WORK INSTRUCTIONS: Every entry must be duplicated word for word.

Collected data
════════
lemma power_domination_number_le:
  assumes "power_dominating_set V E S" and "card S \<le> k"
  shows "power_domination_number V E \<le> k"
  unfolding power_domination_number_def using assms
  by (metis (mono_tags, lifting) Least_le le_trans)

lemma one_le_power_domination_number:
  assumes "finite V" and "V \<noteq> {}"
  shows "1 \<le> power_domination_number V E"
proof -
  obtain S where S: "power_dominating_set V E S" "card S = power_domination_number V E"
    using LeastI[of "\<lambda>k. \<exists>S. power_dominating_set V E S \<and> card S = k" "card V"]
      power_dominating_set_vertex_set[of V E]
    unfolding power_domination_number_def by blast
  have "S \<noteq> {}"
    using S(1) assms(2) by (auto simp: power_dominating_set_def closed_nbhd_set_def zf_closure_empty)
  moreover have "finite S" using S(1) assms(1) finite_subset by (auto simp: power_dominating_set_def)
  ultimately have "0 < card S" by (simp add: card_gt_0_iff)
  with S(2) show ?thesis by simp
qed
════════
EXPECTED ANSWER:
lemma power_domination_number_le:
  assumes "power_dominating_set V E S" and "card S \<le> k"
  shows "power_domination_number V E \<le> k"
  unfolding power_domination_number_def using assms
  by (metis (mono_tags, lifting) Least_le le_trans)

lemma one_le_power_domination_number:
  assumes "finite V" and "V \<noteq> {}"
  shows "1 \<le> power_domination_number V E"
proof -
  obtain S where S: "power_dominating_set V E S" "card S = power_domination_number V E"
    using LeastI[of "\<lambda>k. \<exists>S. power_dominating_set V E S \<and> card S = k" "card V"]
      power_dominating_set_vertex_set[of V E]
    unfolding power_domination_number_def by blast
  have "S \<noteq> {}"
    using S(1) assms(2) by (auto simp: power_dominating_set_def closed_nbhd_set_def zf_closure_empty)
  moreover have "finite S" using S(1) assms(1) finite_subset by (auto simp: power_dominating_set_def)
  ultimately have "0 < card S" by (simp add: card_gt_0_iff)
  with S(2) show ?thesis by simp
qed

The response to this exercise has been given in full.